Let’s say my life expectancy is 88 years old. That’s a nice number. Double digits, couple of eight balls. Not exactly 90, a little after 85. I like it. I think my life will come to a final curtain when I’m 88. If I’m thinking in these terms, then this Tuesday, I’m at the halfway mark. In the immortal words of the pastor who called the Sunday night bingo games, in his thick Irish brogue, “G- farty-far….G-farty-far, does anyone have that lucky number?” I’m about to be officially 44 (farty far) years old. It’s halftime. Where does the time go? Death isn’t something I think about much. Maybe I should. If I did, I’d make some special requests for the end of the game, if possible.

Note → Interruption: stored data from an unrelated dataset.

(* Let $a, b$ be positive integers and let $T_{a,b} = \{C_{i,1} : 1 \le i \le 2a+1\} \cup \{C_{a+1,j} : 2 \le j \le b+1\}$, of size $n = 2a+b+1$. Then on the $n \times n$ board, $2 \le \mathrm{cp}_{\mathrm{free}}(T_{a,b}) \le 4$.
   Context: For integers $i,j$, $C_{i,j}$ denotes the unit square cell in column $i$ and row $j$ of the integer grid (columns numbered left to right, rows numbered top to bottom). A polyomino is a finite set of cells; its size is its number of cells. For a polyomino $\mathcal{P}$ of size $n$ the board is $\mathbb{B} = \{C_{i,j} : 1 \le i,j \le n\}$. The shift of $\mathcal{P}$ by integers $(c,d)$ is $\mathcal{P}+(c,d) = \{C_{x+c,y+d} : C_{x,y} \in \mathcal{P}\}$. The rotations of $T_{a,b}$ by $90^\circ,180^\circ,270^\circ$ clockwise are $TR_{a,b} = \{C_{b+1,i} : 1 \le i \le 2a+1\} \cup \{C_{j,a+1} : 1 \le j \le b\}$, $TR^2_{a,b} = \{C_{i,b+1} : 1 \le i \le 2a+1\} \cup \{C_{a+1,j} : 1 \le j \le b\}$, $TR^3_{a,b} = \{C_{1,i} : 1 \le i \le 2a+1\} \cup \{C_{j,a+1} : 2 \le j \le b+1\}$. A free copy of $T_{a,b}$ is any shift of one of these four. A set of polyominoes is a valid arrangement if each is contained in $\mathbb{B}$ and they are pairwise disjoint. A free packing of $\mathcal{P}$ is a set of free copies of $\mathcal{P}$ forming a valid arrangement such that adding any further free copy of $\mathcal{P}$ yields an invalid arrangement. The clumsy free packing number $\mathrm{cp}_{\mathrm{free}}(\mathcal{P})$ is the minimum number of polyominoes in a free packing of $\mathcal{P}$ on the $n \times n$ board. *)

theory Defs
  imports Main
begin

text \<open>A cell C_{i,j} is represented by the pair (i, j) :: int \<times> int
  (i = column, j = row). A polyomino is a finite set of cells.\<close>

type_synonym cell = "int \<times> int"
lemma lin_sub_symbols:
  "lin_sub f x g \<Longrightarrow> m \<in> g \<Longrightarrow> set m \<subseteq> Cst ` consts_of f \<union> range Vr"
proof (induction arbitrary: m rule: lin_sub.induct)
  case (lin_step y g' g x)
  have f_symbols: "set m0 \<subseteq> Cst ` consts_of f \<union> range Vr" if "m0 \<in> f z" for m0 z
  proof
    fix s assume "s \<in> set m0"
    with that show "s \<in> Cst ` consts_of f \<union> range Vr"
      by (cases s) (auto simp: consts_of_def)
  qed
  from lin_step.hyps obtain u v where g: "g = (f x - {u @ Vr y # v}) \<union> {u @ m' @ v | m'. m' \<in> g'}"
    and "u @ Vr y # v \<in> f x"
    by (auto simp: subst1_def)
  from lin_step.prems g consider "m \<in> f x" | m' where "m' \<in> g'" "m = u @ m' @ v" by auto
  then show ?case
  proof cases
    case 2
    then show ?thesis using lin_step.IH f_symbols[OF \<open>u @ Vr y # v \<in> f x\<close>] by simp
  qed (rule f_symbols)
qed simp

lemma countable_lin_sub:
  fixes f :: "'x::countable \<Rightarrow> ('s, 'x) poly"
  assumes "\<And>x. finite (f x)"
  shows "countable {g. lin_sub f x g}"
proof (rule countable_subset)
  show "{g. lin_sub f x g} \<subseteq> {A. finite A \<and> A \<subseteq> lists (Cst ` consts_of f \<union> range Vr)}"
  proof (rule subsetI, intro CollectI conjI)
    fix g assume "g \<in> {g. lin_sub f x g}"
    then have "lin_sub f x g" by simp
    then show "finite g" using assms by (rule lin_sub_finite)
    show "g \<subseteq> lists (Cst ` consts_of f \<union> range Vr)"
      using lin_sub_symbols[OF \<open>lin_sub f x g\<close>] by auto
  qed
  show "countable {A. finite A \<and> A \<subseteq> lists (Cst ` consts_of f \<union> range (Vr :: 'x \<Rightarrow> ('s, 'x) sym))}"
    using countable_consts_of[OF assms]
    by (intro countable_Collect_finite_subset countable_lists) auto
qed

lemma Collect_list_all2_Cons:
  "{ts'. list_all2 R (t # ts) ts'} = (\<lambda>(a, b). a # b) ` ({t'. R t t'} \<times> {ts'. list_all2 R ts ts'})"
  by (auto simp: list_all2_Cons1)

lemma countable_list_all2:
  "(\<And>t. t \<in> set ts \<Longrightarrow> countable {t'. R t t'}) \<Longrightarrow> countable {ts'. list_all2 R ts ts'}"
proof (induction ts)
  case Nil
  have "{ts'. list_all2 R [] ts'} = {[]}" by auto
  then show ?case by simp
qed (simp add: Collect_list_all2_Cons)

lemma countable_graft:
  assumes "\<And>y. countable (T y)"
  shows "countable {t'. graft T t t'}"
proof (induction t)
  case (Leaf s)
  then show ?case using assms by (cases s) (simp_all add: graft_Leaf_iff)
next
  case (Node y ts)
  have "{t'. graft T (Node y ts) t'} = Node y ` {ts'. list_all2 (graft T) ts ts'}"
    by (auto simp: graft_Node_iff)
  then show ?case using Node.IH countable_list_all2 by (metis countable_image)
qed

lemma wval_Nil [simp]: "wval [] c = 1"
  by (simp add: wval_def)

lemma wval_Cons [simp]: "wval (s # w) c = symval s c * wval w c"
  by (simp add: wval_def)

lemma wval_append: "wval (u @ v) c = wval u c * wval v c"
  by (induction u) (simp_all add: mult.assoc)

lemma wval_concat: "wval (concat ws) c = prod_list (map (\<lambda>w. wval w c) ws)"
  by (induction ws) (simp_all add: wval_append)

section \<open>Suprema in idempotent \<open>\<omega>\<close>-continuous semirings\<close>

definition lub :: "'a::plus set \<Rightarrow> 'a" where
  "lub A = (THE u. is_sup A u)"

lemma natord_trans: "natord (a::'a::semigroup_add) b \<Longrightarrow> natord b c \<Longrightarrow> natord a c"
  unfolding natord_def by (metis add.assoc)

context
  assumes omega_continuous: "omega_continuous TYPE('s::{semiring_0,monoid_mult})"
    and idempotent: "idempotent_semiring TYPE('s)"
begin

lemma add_idem: "(a::'s) + a = a"
  using idempotent by (simp add: idempotent_semiring_def)

lemma chain_has_sup: "(\<And>i. natord (s i) (s (Suc i))) \<Longrightarrow> \<exists>u::'s. is_sup (range s) u"
  using omega_continuous unfolding omega_continuous_def by (elim conjE) blast

lemma mult_csum: "(c::'s) * csum a = csum (\<lambda>i. c * a i)"
  using omega_continuous unfolding omega_continuous_def by (elim conjE) simp

lemma csum_mult: "csum a * (c::'s) = csum (\<lambda>i. a i * c)"
  using omega_continuous unfolding omega_continuous_def by (elim conjE) simp

lemma natord_iff_add_eq: "natord (a::'s) b \<longleftrightarrow> a + b = b"
proof
  assume "natord a b"
  then obtain c where "a + c = b" by (auto simp: natord_def)
  then show "a + b = b" by (metis add.assoc add_idem)
qed (auto simp: natord_def)

lemma natord_add_iff: "natord (a + b) (v::'s) \<longleftrightarrow> natord a v \<and> natord b v"
  unfolding natord_iff_add_eq by (metis add.assoc add.left_commute add_idem)

lemma natord_add_left: "natord (a::'s) (a + b)"
  by (auto simp: natord_def)

lemma natord_add_right: "natord (b::'s) (a + b)"
  by (metis add.commute natord_add_left)

lemma is_sup_unique: "is_sup A (u::'s) \<Longrightarrow> is_sup A v \<Longrightarrow> u = v"
  unfolding is_sup_def natord_iff_add_eq by (metis add.commute)
lemma ex_qexp_weights_iff:
  assumes "\<alpha> \<noteq> 0"
    and P_cong: "\<And>c c'. (\<And>k. k < l \<Longrightarrow> c k = c' k) \<Longrightarrow> P c \<longleftrightarrow> P c'"
  shows "(\<exists>t. (\<forall>k<l. t k \<in> Malpha \<alpha>) \<and> P (\<lambda>k. qexp \<alpha> (t k))) \<longleftrightarrow> (\<exists>c. (\<forall>k<l. 0 \<le> c k) \<and> P c)"
proof
  assume "\<exists>c. (\<forall>k<l. 0 \<le> c k) \<and> P c"
  then obtain c where c: "\<forall>k<l. 0 \<le> c k" "P c" by blast
  have "\<forall>k<l. \<exists>t\<in>Malpha \<alpha>. qexp \<alpha> t = c k"
    using c(1) qexp_image[OF assms(1)] by (metis atLeast_iff imageE)
  then obtain t where "\<forall>k<l. t k \<in> Malpha \<alpha> \<and> qexp \<alpha> (t k) = c k" by metis
  with c(2) P_cong show "\<exists>t. (\<forall>k<l. t k \<in> Malpha \<alpha>) \<and> P (\<lambda>k. qexp \<alpha> (t k))" by metis
next
  assume "\<exists>t. (\<forall>k<l. t k \<in> Malpha \<alpha>) \<and> P (\<lambda>k. qexp \<alpha> (t k))"
  then obtain t where "P (\<lambda>k. qexp \<alpha> (t k))" by blast
  then show "\<exists>c. (\<forall>k<l. 0 \<le> c k) \<and> P c" by (intro exI[of _ "\<lambda>k. qexp \<alpha> (t k)"]) simp
qed

lemma qexp_comb_component:
  "qexp_comb \<alpha> l c Z $ i = (\<Sum>k<l. c k * exp (\<alpha> * Z k $ i))"
  by (simp add: qexp_comb_def qexp_vec_def)

lemma qexp_comb_cong:
  "(\<And>k. k < l \<Longrightarrow> c k = c' k) \<Longrightarrow> qexp_comb \<alpha> l c Z = qexp_comb \<alpha> l c' Z"
  unfolding qexp_comb_def by (rule sum.cong) auto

If I had a choice, I’d order a nice early bed-time, a cup of Chamomile with honey, a soft warm blanket; my rosary and I would simply fall asleep after saying my prayers and never wake up. Hopefully I would die with a smile on my face after dreaming something really wonderful. I would recall when my kids were born, or when J.D. and I were married…these would all bring back great memories that would make me smile. But perhaps, at that age, I would be dreaming about the day my grandchildren were born and the very first time they called me “Nanny.” But we don’t really know the day or the hour, do we? I’m just speculating on all this because in my ‘Life Span’ class I had to take a life expectancy test this week, and based on my lifestyle and my medical history, the test told me that I would live to be 91 years old! I find that incredible. The double eights make much more sense. I never thought I’d live that long. When I was in the insurance business, the tables always told me I was checking out around 74. That’s entirely unacceptable. That’s young!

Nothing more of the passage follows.